I thought that over while she found parking around the corner from Stephanie’s Styles, a stately little 1920s home tucked into a long block of brick-front businesses on Olive Way. It had finally quit raining, but the sky was still low and leaden.
“Lily, I keep thinking about the look in Corinne’s eyes when she told me about it. She didn’t seem self-pitying or deceitful. She was terrified.” I reached into the backseat for my tote bag, which today contained a selection of lingerie and a pair of low-heeled, not-yet-dyed silk pumps. “Actually, you’ll meet her in a minute, so you can form your own impression.”
“You sure the bride doesn’t mind my being here for this?”
“She’s just relieved that I agreed to do it at all. Wait till you see these dresses.”
Stephanie Stevens was quaint as a cameo, small and pink,
just the person you’d want to order your wedding gown from. She bustled cheerily around her lavender-scented, flowered-chintz shop with a tape measure dangling from her neck and a wristband pincushion at the ready, and she liked nothing better than to serve up tea and currant scones on her favorite Limoges china. The fact that her split-level on Vashon Island boasted a giant satellite-TV dish so that Stephanie could catch every basketball game ever broadcast on Earth, was a fact that rarely came up over tea. She also raised Rottweilers. Go figure.
“Carnegie! How nice to see you, as always. And this time you’re going to wear one of the dresses that you ordered! The other girls are already here.”

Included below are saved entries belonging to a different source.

(* Let $\mathfrak{A}=(S_\Omega,S_{\mathcal E},\Omega,\mathcal E,B,u)$ be an accessible GPT fragment, and let $H_\Omega:S_\Omega\to\mathbb R^n$ and $H_{\mathcal E}:S_{\mathcal E}^*\to\mathbb R^m$ be its facet maps. Then $\mathfrak A$ admits a simplicial-cone embedding if and only if there exists a real $m\times n$ matrix $\sigma$ with all entries nonnegative such that $$B(w,v)=H_{\mathcal E}(w)^T\,\sigma\,H_\Omega(v)\qquad\text{for all } w\in S_{\mathcal E}^*,\ v\in S_\Omega .$$ In the quantum case ($S_\Omega,S_{\mathcal E}$ subspaces of the Hermitian operators on a finite-dimensional Hilbert space $\mathcal H$, spanned respectively by a finite set $\Omega$ of positive semidefinite operators and a finite set $\mathcal E$ of operators $0\le E\le \mathbb 1$, with effects acting by the trace pairing and $B(w,v)=\mathrm{tr}(wv)$), this condition reads $I_{\mathcal E}^T I_\Omega=H_{\mathcal E}^T\sigma H_\Omega$ in matrix form, where $I_\Omega,I_{\mathcal E}$ are the inclusion maps of $S_\Omega,S_{\mathcal E}$ into the space of Hermitian operators (expressed in bases orthonormal for the Hilbert–Schmidt inner product).
   Context: An accessible GPT fragment $\mathfrak A=(S_\Omega,S_{\mathcal E},\Omega,\mathcal E,B,u)$ consists of: finite-dimensional real vector spaces $S_\Omega$ and $S_{\mathcal E}$; a set $\Omega\subset S_\Omega$ of states which spans $S_\Omega$; a set $\mathcal E\subset S_{\mathcal E}^*$ of effects which spans $S_{\mathcal E}^*$; a bilinear form $B:S_{\mathcal E}^*\times S_\Omega\to\mathbb R$ (the probability rule, the probability of effect $e$ on state $s$ being $B(e,s)$); and a unit effect $u\in\mathcal E$. The convex hulls of $\Omega$ and of $\mathcal E$ are assumed to have finitely many extreme points. $\mathrm{Cone}[\Omega]=\{\sum_\alpha r_\alpha s_\alpha: s_\alpha\in\Omega, r_\alpha\ge0\}$, and similarly $\mathrm{Cone}[\mathcal E]$; these are polyhedral cones. The dual cone $\mathrm{Cone}[\Omega]^*=\{h\in S_\Omega^*: h(v)\ge 0\ \forall v\in\mathrm{Cone}[\Omega]\}$ and $\mathrm{Cone}[\mathcal E]^*=\{g\in S_{\mathcal E}: w(g)\ge0\ \forall w\in\mathrm{Cone}[\mathcal E]\}$ (identifying $S_{\mathcal E}^{**}=S_{\mathcal E}$). Facet maps: let $h_1,\dots,h_n\in S_\Omega^*$ be one representative of each extreme ray of $\mathrm{Cone}[\Omega]^*$ (equivalently, the facet inequalities of $\mathrm{Cone}[\Omega]$), and define $H_\Omega(v)=(h_1(v),\dots,h_n(v))^T$; let $g_1,\dots,g_m\in S_{\mathcal E}$ be one representative of each extreme ray of $\mathrm{Cone}[\mathcal E]^*$, and define $H_{\mathcal E}(w)=(w(g_1),\dots,w(g_m))^T$. Thus $H_\Omega(v)\ge_e0$ iff $v\in\mathrm{Cone}[\Omega]$ and $H_{\mathcal E}(w)\ge_e 0$ iff $w\in\mathrm{Cone}[\mathcal E]$, where $\ge_e$ denotes entrywise nonnegativity. A simplicial-cone embedding of $\mathfrak A$ is a finite set $\Lambda$ together with linear maps $\tau_\Omega:S_\Omega\to\mathbb R^\Lambda$ and $\tau_{\mathcal E}:S_{\mathcal E}^*\to\mathbb R^\Lambda$ such that $\tau_\Omega(s)\ge_e 0$ for all $s\in\Omega$, $\tau_{\mathcal E}(e)\ge_e0$ for all $e\in\mathcal E$, and $B(w,v)=\tau_{\mathcal E}(w)\cdot\tau_\Omega(v)$ (standard dot product on $\mathbb R^\Lambda$) for all $w\in S_{\mathcal E}^*$, $v\in S_\Omega$. A simplex embedding is a simplicial-cone embedding which additionally satisfies $\tau_{\mathcal E}(u)=(1,1,\dots,1)$. (A scenario is called classically explainable when it admits a simplex embedding.) *)

theory Defs
  imports "HOL-Analysis.Analysis"
begin

text \<open>The state space S_Omega is modelled by a finite-dimensional real vector space type 'a,
  the effect space S_E^* by a type 'b. Linear functionals on them are functions to real
  that are linear.\<close>

definition gpt_cone :: "'a::real_vector set \<Rightarrow> 'a set" where
  "gpt_cone X = convex_cone hull X"

definition dual_cone :: "'a::real_vector set \<Rightarrow> ('a \<Rightarrow> real) set" where
  "dual_cone X = {h. linear h \<and> (\<forall>v\<in>gpt_cone X. 0 \<le> h v)}"

definition extreme_ray_gen :: "('a \<Rightarrow> real) set \<Rightarrow> ('a \<Rightarrow> real) \<Rightarrow> bool" where
  "extreme_ray_gen C h \<longleftrightarrow> h \<in> C \<and> h \<noteq> (\<lambda>x. 0) \<and>
     (\<forall>h1\<in>C. \<forall>h2\<in>C. (\<forall>x. h x = h1 x + h2 x) \<longrightarrow> (\<exists>c\<ge>0. \<forall>x. h1 x = c * h x))"

text \<open>Facet map: a list containing exactly one representative of each extreme ray of
  the dual cone of Cone[X]; the facet map is v \<mapsto> (hs!0 v, ..., hs!(n-1) v).\<close>
definition facet_map :: "'a::real_vector set \<Rightarrow> ('a \<Rightarrow> real) list \<Rightarrow> bool" where
  "facet_map X hs \<longleftrightarrow>
     (\<forall>i<length hs. extreme_ray_gen (dual_cone X) (hs ! i)) \<and>
     (\<forall>i<length hs. \<forall>j<length hs. i \<noteq> j \<longrightarrow>
         \<not> (\<exists>c>0. \<forall>x. (hs ! i) x = c * (hs ! j) x)) \<and>
     (\<forall>h. extreme_ray_gen (dual_cone X) h \<longrightarrow>
         (\<exists>i<length hs. \<exists>c>0. \<forall>x. h x = c * (hs ! i) x))"

definition accessible_gpt_fragment ::
  "'a::euclidean_space set \<Rightarrow> 'b::euclidean_space set \<Rightarrow> ('b \<Rightarrow> 'a \<Rightarrow> real) \<Rightarrow> 'b \<Rightarrow> bool" where
  "accessible_gpt_fragment \<Omega> \<E> B u \<longleftrightarrow>
     span \<Omega> = UNIV \<and> span \<E> = UNIV \<and> bilinear B \<and> u \<in> \<E> \<and>
     polytope (convex hull \<Omega>) \<and> polytope (convex hull \<E>)"

definition simplicial_cone_embedding ::
  "'a::real_vector set \<Rightarrow> 'b::real_vector set \<Rightarrow> ('b \<Rightarrow> 'a \<Rightarrow> real) \<Rightarrow>
   nat \<Rightarrow> ('a \<Rightarrow> nat \<Rightarrow> real) \<Rightarrow> ('b \<Rightarrow> nat \<Rightarrow> real) \<Rightarrow> bool" where
  "simplicial_cone_embedding \<Omega> \<E> B k \<tau>\<Omega> \<tau>\<E> \<longleftrightarrow>
     (\<forall>l<k. linear (\<lambda>v. \<tau>\<Omega> v l)) \<and> (\<forall>l<k. linear (\<lambda>w. \<tau>\<E> w l)) \<and>
     (\<forall>s\<in>\<Omega>. \<forall>l<k. 0 \<le> \<tau>\<Omega> s l) \<and> (\<forall>e\<in>\<E>. \<forall>l<k. 0 \<le> \<tau>\<E> e l) \<and>
     (\<forall>w v. B w v = (\<Sum>l<k. \<tau>\<E> w l * \<tau>\<Omega> v l))"

definition admits_simplicial_cone_embedding ::
  "'a::real_vector set \<Rightarrow> 'b::real_vector set \<Rightarrow> ('b \<Rightarrow> 'a \<Rightarrow> real) \<Rightarrow> bool" where
  "admits_simplicial_cone_embedding \<Omega> \<E> B \<longleftrightarrow>
     (\<exists>k \<tau>\<Omega> \<tau>\<E>. simplicial_cone_embedding \<Omega> \<E> B k \<tau>\<Omega> \<tau>\<E>)"

end

theory Submission
  imports Defs
begin

text \<open>The components of a simplicial-cone embedding are linear functionals that are nonnegative
  on states resp. effects, i.e. elements of the dual cones. Since \<open>\<Omega>\<close> spans, its dual cone is
  closed and pointed, so it has a compact convex base; by Krein--Milman the base is the convex
  hull of its extreme points, and these lie on extreme rays, i.e. are positive multiples of facet
  functionals. Hence every component is a nonnegative combination of facet functionals, and
  expanding \<open>B(w,v) = \<Sum>\<^sub>l \<tau>\<^sub>\<E>(w)\<^sub>l \<tau>\<^sub>\<Omega>(v)\<^sub>l\<close> yields \<open>\<sigma>\<close>. Conversely, a nonnegative \<open>\<sigma>\<close>
  gives an embedding indexed by the pairs \<open>(i,j)\<close>.\<close>

lemma linear_real_eq_inner:
  fixes h :: "'a::euclidean_space \<Rightarrow> real"
  assumes "linear h"
  shows "h = (\<lambda>x. adjoint h 1 \<bullet> x)"
proof
  fix x
  show "h x = adjoint h 1 \<bullet> x"
    using adjoint_works[OF assms, of x 1] by (simp add: inner_commute)
qed

lemma spanning_set_dual_positive_point:
  fixes X :: "'a::euclidean_space set"
  assumes "span X = UNIV"
  shows "\<exists>c. \<forall>a. (\<forall>x\<in>X. 0 \<le> a \<bullet> x) \<and> a \<noteq> 0 \<longrightarrow> 0 < a \<bullet> c"
proof -
  obtain Bs where Bs: "Bs \<subseteq> X" "independent Bs" "X \<subseteq> span Bs"
    by (meson basis_exists)
  have "finite Bs" using Bs(2) by (rule finiteI_independent)
  have "span Bs = UNIV"
    using span_minimal[OF Bs(3) subspace_span] assms by auto
  show ?thesis
  proof (intro exI[of _ "\<Sum>Bs"] allI impI, elim conjE)
    fix a :: 'a assume a: "\<forall>x\<in>X. 0 \<le> a \<bullet> x" and "a \<noteq> 0"
    have nonneg: "\<forall>b\<in>Bs. 0 \<le> a \<bullet> b" using a Bs(1) by blast
    hence "0 \<le> a \<bullet> \<Sum>Bs" by (simp add: inner_sum_right sum_nonneg)
    moreover have "a \<bullet> \<Sum>Bs \<noteq> 0"
    proof
      assume "a \<bullet> \<Sum>Bs = 0"
      hence "\<forall>b\<in>Bs. a \<bullet> b = 0"
        using sum_nonneg_eq_0_iff[OF \<open>finite Bs\<close>, where f="\<lambda>b. a \<bullet> b"] nonneg
        by (simp add: inner_sum_right)
      hence "a \<bullet> a = 0" using orthogonal_to_span[of a Bs a] \<open>span Bs = UNIV\<close>
        by (simp add: orthogonal_def)
      thus False using \<open>a \<noteq> 0\<close> by simp
    qed
    ultimately show "0 < a \<bullet> \<Sum>Bs" by linarith
  qed
qed

lemma compact_cone_slice:
  fixes K :: "'a::euclidean_space set"
  assumes "closed K" "conic K" and pos: "\<And>a. a \<in> K \<Longrightarrow> a \<noteq> 0 \<Longrightarrow> 0 < a \<bullet> c"
  shows "compact (K \<inter> {a. a \<bullet> c = 1})"
proof -
  have normalize: "(1 / norm a) *\<^sub>R a \<in> K \<inter> sphere 0 1" if "a \<in> K" "a \<noteq> 0" for a
    using that \<open>conic K\<close> by (auto simp: conic_def)
  have "bounded (K \<inter> {a. a \<bullet> c = 1})"
  proof (cases "K \<inter> sphere 0 1 = {}")
    case True
    hence "K \<inter> {a. a \<bullet> c = 1} = {}" using normalize by fastforce
    thus ?thesis by simp
  next
    case False
    have "compact (K \<inter> sphere 0 1)"
      using \<open>closed K\<close> by (simp add: closed_Int_compact)
    moreover have "continuous_on (K \<inter> sphere 0 1) (\<lambda>a. a \<bullet> c)"
      by (intro continuous_intros)
    ultimately obtain m where m: "m \<in> K \<inter> sphere 0 1"
      and min: "\<And>y. y \<in> K \<inter> sphere 0 1 \<Longrightarrow> m \<bullet> c \<le> y \<bullet> c"
      using continuous_attains_inf[OF _ False] by blast
    have "0 < m \<bullet> c" using m pos[of m] by fastforce
    have "norm a \<le> 1 / (m \<bullet> c)" if "a \<in> K" "a \<bullet> c = 1" for a
    proof -
      have "a \<noteq> 0" using that by auto
      hence "m \<bullet> c \<le> (1 / norm a) * (a \<bullet> c)" using min[OF normalize] that by fastforce
      thus ?thesis using \<open>0 < m \<bullet> c\<close> \<open>a \<noteq> 0\<close> that(2) by (simp add: field_simps)
    qed
    thus ?thesis by (auto simp: bounded_iff)
  qed
  moreover have "closed (K \<inter> {a. a \<bullet> c = 1})"
    using \<open>closed K\<close> closed_hyperplane[of c 1] by (simp add: inner_commute closed_Int)
  ultimately show ?thesis by (simp add: compact_eq_bounded_closed)
qed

Stephanie had kept the original living room of the house as a reception area, adding only a long wall mirror and a small platform for the customers to stand on while she adjusted their hems. The dining room beyond was filled with racks of dresses and beautifully gowned mannequins, and a study to one side served as a changing room. We could hear Elizabeth’s voice and Angela’s laughter through the paneled oak door. I was introducing Lily to Stephanie when the “other girls” filed out, falling self-consciously silent when they saw they had an audience.
Elizabeth came out first, followed by her sister and maid of honor, Patty Lamott. At close range and without accessories, the bride looked rather garish in her movie-star satin gown the color of orange sherbet, and her cherry-popsicle chiffon stole. But after all the fittings I’d seen, I could easily imagine Elizabeth in full makeup, bearing her avant-garde bouquet. Not every bride could carry off this kind of look, but she was going to be dynamite.
Her sister was more of a fizzling fuse. Patty was a single
nurse who worked at the VA hospital, and she looked like the first draft for Elizabeth. You could tell they were siblings, but Patty’s features were coarser, her long unkempt hair a dull brown to Elizabeth’s cropped and glossy chestnut, her figure stocky rather than strong.
I suspected that Patty wasn’t thrilled about her kid sister’s successes, financial or romantic. And she certainly wasn’t thrilled about her own rose-colored gown and stole, which did nothing for her skin tone and less than nothing for her figure. She nodded sullenly to me and frowned a little at Lily, who had relaxed into a wing chair to enjoy the show.
“Come on through, girls,” Stephanie burbled. “Let’s line you all up.”
Corinne came next. Elizabeth was right, she had put on a few pounds. Instead of draping fluidly the satin pulled in taut creases across her stomach and hips. But you hardly noticed, because the rosy shade was so exactly right for Corinne’s porcelain skin. The pink set off her golden hair and pale blue eyes to fairy-princess perfection, while the plunging neckline would command the attention of every prince in the neighborhood.